40
Вы продолжаете: «Ум у монахинь спит; оттого не умея дать отпора
всякой дребедени, они, считая ее наваждением врага, сильнейшего их, без борьбы
подчиняются ей». – То вы касались внешних порядков благочестной монастырской
жизни и криво толковали их, а теперь касаетесь внутренней стороны жизни
инокинь, но и ее изображаете тоже неточно. То, что вы говорите, совершенно
предположительно. Почему знаете вы, что происходит в душе монахинь? А не зная,
утверждая же, что там то и то бывает, вы свои догадки выставляете как действительность.
Думается вам так, показалось так; вы и говорите, что так есть. Свои думания вы
не подвергали разбору и приняли их сразу. Это то же, что без борьбы подчинились
им, и следовательно, подпали тому же, что в монахинях осуждаете. Если теперь
догадки о других, истине не отвечающие, суть клевета (diabolh), а клевета
всякая от диавола есть, то вы попали в сети врага, несмотря на то, что ум ваш
не спит, как вам думается. Не спит, а не умел дать отпора дребедени, насеянной
врагом. Не только не умел, даже и не брался за это дело; не брался, оттого что
не заметил; не заметил, оттого что не верит во вмешательство врага в дела свои.
Под кровом этого неверия враг подошел к уму вашему и насеял в него дрянных
мыслей. Это вам вторая награда за неверие в козни врага.
Вы полагаете, что монахини
не борются с помыслами и что бы ни пришло на ум, подчиняются тому. Судя по
сказанному пред сим я могу заключить, что это вы полагаете, судя по себе.
Подождите; вступите сами в борьбу и перестанете так думать. А наперед примите на
веру, что ни одна монахиня не бывает без борьбы. Всякая борется, как только
заметит что неправое и смущающее – борется с мыслями, борется с желаниями,
борется с разными движениями чувства при непрерывных столкновениях с другими.
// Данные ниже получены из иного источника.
(* Let $\gamma\in\mathcal{C}$ have an outer basepoint. If $\gamma$ is not simple, then $\gamma$ has an outwards loop.
   Context: A curve is a map $\gamma:[0,1]\to\mathbb{R}^2$ with $\gamma(0)=\gamma(1)$ (basepoint), regular and generic (finitely many self-intersections, each transverse double point); $\mathcal{C}$ is the set of such curves. Faces: components of $\mathbb{R}^2\setminus[\gamma]$, $F_{ext}$ unbounded; $wn$ winding number. Outer basepoint: $\gamma(0)$ is incident to exactly two faces, $F_{ext}$ and a face $F$ with $wn(F,\gamma)=\pm1$. Direct split at self-intersection $v=\gamma(t)=\gamma(t^* )$, $t<t^*$: the closed curve $\gamma|_{[t,t^*]}$ based at $v$. A loop is a direct split $\gamma_v$ that is a simple closed curve (other strands of $\gamma$ may cross it). A loop $\gamma_v$ is outwards if the two edges of $\gamma$ incident to $v$ that do not belong to $\gamma_v$ both lie outside the interior region of $\gamma_v$. *)

theory Defs
  imports "HOL-Complex_Analysis.Winding_Numbers"
begin

text \<open>Curves are maps [0,1] -> R^2, with R^2 identified with the complex plane.\<close>

definition regular_curve :: "(real \<Rightarrow> complex) \<Rightarrow> bool" where
  "regular_curve \<gamma> \<longleftrightarrow> \<gamma> 0 = \<gamma> 1 \<and>
     (\<exists>\<gamma>'. continuous_on {0..1} \<gamma>' \<and> \<gamma>' 0 = \<gamma>' 1 \<and>
        (\<forall>t\<in>{0..1}. (\<gamma> has_vector_derivative \<gamma>' t) (at t within {0..1}) \<and> \<gamma>' t \<noteq> 0))"

definition tangent :: "(real \<Rightarrow> complex) \<Rightarrow> real \<Rightarrow> complex" where
  "tangent \<gamma> t = vector_derivative \<gamma> (at t within {0..1})"

text \<open>Self-intersection points (parameters taken in [0,1), since gamma 0 = gamma 1).\<close>
definition self_intersections :: "(real \<Rightarrow> complex) \<Rightarrow> complex set" where
  "self_intersections \<gamma> =
     {p. \<exists>s u. s \<in> {0..<1} \<and> u \<in> {0..<1} \<and> s \<noteq> u \<and> \<gamma> s = p \<and> \<gamma> u = p}"

text \<open>Generic: finitely many self-intersections, each a transverse double point.\<close>
definition generic_curve :: "(real \<Rightarrow> complex) \<Rightarrow> bool" where
  "generic_curve \<gamma> \<longleftrightarrow> finite (self_intersections \<gamma>) \<and>
     (\<forall>p\<in>self_intersections \<gamma>. card {s\<in>{0..<1}. \<gamma> s = p} = 2 \<and>
        (\<forall>s u. s \<in> {0..<1} \<and> u \<in> {0..<1} \<and> s \<noteq> u \<and> \<gamma> s = p \<and> \<gamma> u = p \<longrightarrow>
           Im (cnj (tangent \<gamma> s) * tangent \<gamma> u) \<noteq> 0))"

definition curveC :: "(real \<Rightarrow> complex) \<Rightarrow> bool" where
  "curveC \<gamma> \<longleftrightarrow> regular_curve \<gamma> \<and> generic_curve \<gamma>"

definition faces :: "(real \<Rightarrow> complex) \<Rightarrow> complex set set" where
  "faces \<gamma> = components (- path_image \<gamma>)"

definition ext_face :: "(real \<Rightarrow> complex) \<Rightarrow> complex set" where
  "ext_face \<gamma> = outside (path_image \<gamma>)"

definition face_wn :: "complex set \<Rightarrow> (real \<Rightarrow> complex) \<Rightarrow> complex" where
  "face_wn F \<gamma> = winding_number \<gamma> (SOME z. z \<in> F)"

text \<open>A face F is incident to a point p if p lies in the closure of F.\<close>
definition outer_basepoint :: "(real \<Rightarrow> complex) \<Rightarrow> bool" where
  "outer_basepoint \<gamma> \<longleftrightarrow>
     (let Inc = {F \<in> faces \<gamma>. \<gamma> 0 \<in> closure F} in
        card Inc = 2 \<and> ext_face \<gamma> \<in> Inc \<and>
        (\<exists>F\<in>Inc. F \<noteq> ext_face \<gamma> \<and> (face_wn F \<gamma> = 1 \<or> face_wn F \<gamma> = -1)))"

definition direct_split :: "(real \<Rightarrow> complex) \<Rightarrow> real \<Rightarrow> real \<Rightarrow> (real \<Rightarrow> complex)" where
  "direct_split \<gamma> t t' = subpath t t' \<gamma>"

definition is_split_pair :: "(real \<Rightarrow> complex) \<Rightarrow> real \<Rightarrow> real \<Rightarrow> bool" where
  "is_split_pair \<gamma> t t' \<longleftrightarrow> 0 \<le> t \<and> t < t' \<and> t' < 1 \<and> \<gamma> t = \<gamma> t'"

definition is_loop :: "(real \<Rightarrow> complex) \<Rightarrow> real \<Rightarrow> real \<Rightarrow> bool" where
  "is_loop \<gamma> t t' \<longleftrightarrow> is_split_pair \<gamma> t t' \<and> simple_path (direct_split \<gamma> t t')"

definition periodic_ext :: "(real \<Rightarrow> complex) \<Rightarrow> real \<Rightarrow> complex" where
  "periodic_ext \<gamma> s = \<gamma> (frac s)"

text \<open>Outwards loop: the two edges of gamma at v not belonging to the loop (the one arriving
  at parameter t and the one leaving at parameter t') lie outside the interior region of the
  loop. Since an edge meets the loop only at its endpoints, this is equivalent to the parts of
  these edges close to v lying outside the interior.\<close>
definition outwards_loop :: "(real \<Rightarrow> complex) \<Rightarrow> real \<Rightarrow> real \<Rightarrow> bool" where
  "outwards_loop \<gamma> t t' \<longleftrightarrow> is_loop \<gamma> t t' \<and>
     (\<exists>\<epsilon>>0. \<forall>\<delta>. 0 < \<delta> \<and> \<delta> < \<epsilon> \<longrightarrow>
        periodic_ext \<gamma> (t - \<delta>) \<notin> inside (path_image (direct_split \<gamma> t t')) \<and>
        periodic_ext \<gamma> (t' + \<delta>) \<notin> inside (path_image (direct_split \<gamma> t t')))"

end

theory Submission
  imports Defs
begin

(* Take the double point v = \<gamma> t = \<gamma> t' whose second parameter t' is smallest: then \<gamma> on
   [t, t'] is a simple loop, and genericity says that v has no other preimage and that the
   tangents \<gamma>' t, \<gamma>' t' are independent. In the affine chart at v with these tangents as axes,
   the curve near v consists of two almost straight strands, so the open quadrant between the
   edge arriving at t and the edge leaving at t' (the wedge) misses the loop and is connected to
   both edges outside it; the loop is outwards once one point of the wedge is not inside it.
   If t > 0, the start \<gamma> 0 lies on the boundary of the exterior face, hence not inside the loop,
   and \<gamma> on [0, t - \<delta>] joins it to the arriving edge without meeting the loop. If t = 0 and
   the wedge were inside the loop, the two quadrants on either side of the arriving edge would
   belong to two distinct bounded faces incident to the basepoint (a comparison with a small
   triangle shows that their winding numbers differ), so together with the exterior face three
   faces would be incident to the basepoint. *)

(* By Cramer's rule: z = coord1 a b z * a + coord2 a b z * b whenever a and b are independent. *)
definition coord1 :: "complex \<Rightarrow> complex \<Rightarrow> complex \<Rightarrow> real" where
  "coord1 a b z = Im (cnj z * b) / Im (cnj a * b)"

definition coord2 :: "complex \<Rightarrow> complex \<Rightarrow> complex \<Rightarrow> real" where
  "coord2 a b z = Im (cnj a * z) / Im (cnj a * b)"

lemma linear_coord1: "linear (coord1 a b)"
  by (rule linearI) (simp_all add: coord1_def add_divide_distrib[symmetric] algebra_simps)

lemma linear_coord2: "linear (coord2 a b)"
  by (rule linearI) (simp_all add: coord2_def add_divide_distrib[symmetric] algebra_simps)

lemma coord_zero [simp]: "coord1 a b 0 = 0" "coord2 a b 0 = 0"
  by (simp_all add: coord1_def coord2_def)

lemma coord_basis:
  assumes "Im (cnj a * b) \<noteq> 0"
  shows "coord1 a b a = 1" "coord2 a b a = 0" "coord1 a b b = 0" "coord2 a b b = 1"
  using assms by (simp_all add: coord1_def coord2_def algebra_simps)

lemma coord_decomp:
  assumes "Im (cnj a * b) \<noteq> 0"
  shows "coord1 a b z *\<^sub>R a + coord2 a b z *\<^sub>R b = z"
proof -
  define d where "d = Im (cnj a * b)"
  define x where "x = Im (cnj z * b)"
  define y where "y = Im (cnj a * z)"
  have "d \<noteq> 0" unfolding d_def by (rule assms)
  have "(x / d) *\<^sub>R a + (y / d) *\<^sub>R b = inverse d *\<^sub>R (x *\<^sub>R a + y *\<^sub>R b)"
    by (simp add: scaleR_add_right divide_inverse_commute)
  also have "x *\<^sub>R a + y *\<^sub>R b = d *\<^sub>R z"
    by (simp add: x_def y_def d_def complex_eq_iff algebra_simps)
  finally have "(x / d) *\<^sub>R a + (y / d) *\<^sub>R b = z"
    using \<open>d \<noteq> 0\<close> by simp
  then show ?thesis
    by (simp add: coord1_def coord2_def x_def y_def d_def)
qed

lemma Im_mult_cnj_coord:
  assumes "Im (cnj a * b) \<noteq> 0"
  shows "Im (x * cnj y) =
    Im (cnj a * b) * (coord2 a b x * coord1 a b y - coord1 a b x * coord2 a b y)"
proof -
  define d where "d = Im (cnj a * b)"
  define c where "c = Im (x * cnj y)"
  have "Im (cnj a * x) * Im (cnj y * b) - Im (cnj x * b) * Im (cnj a * y) = d * c"
    by (simp add: d_def c_def algebra_simps)
  then show ?thesis
    using assms unfolding coord1_def coord2_def d_def[symmetric] c_def[symmetric]
    by (simp add: field_simps)
qed

lemma abs_coord1_le: "\<bar>coord1 a b z\<bar> \<le> norm b * norm z / \<bar>Im (cnj a * b)\<bar>"
proof -
  have "\<bar>Im (cnj z * b)\<bar> \<le> norm b * norm z"
    using abs_Im_le_cmod[of "cnj z * b"] by (simp add: norm_mult mult.commute)
  then show ?thesis by (simp add: coord1_def abs_div divide_right_mono)
qed

lemma abs_coord2_le: "\<bar>coord2 a b z\<bar> \<le> norm a * norm z / \<bar>Im (cnj a * b)\<bar>"
proof -
  have "\<bar>Im (cnj a * z)\<bar> \<le> norm a * norm z"
    using abs_Im_le_cmod[of "cnj a * z"] by (simp add: norm_mult)
  then show ?thesis by (simp add: coord2_def abs_div divide_right_mono)
qed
Вступающие в обитель проходят предварительную сильную борьбу пред вступлением в
нее. Вступают они возбужденными в духе на добро с решимостью ратовать за него.
И ратуют, внимая себе. Иногда побеждают они, иногда побеждаемы бывают, наиболее
потому, что не заметят козней врага, который умеет их искусно прикрывать. Так
есть; и вы совсем неверно смотрите на монахинь. Бывают и такие, как вы пишете;
но это исключение, а вообще так говорить нельзя.
Что они всякий худой помысл и всякое другое худое движение, внутри
происходящее, производят от врага, – в этом нет ошибки. Так есть на самом деле.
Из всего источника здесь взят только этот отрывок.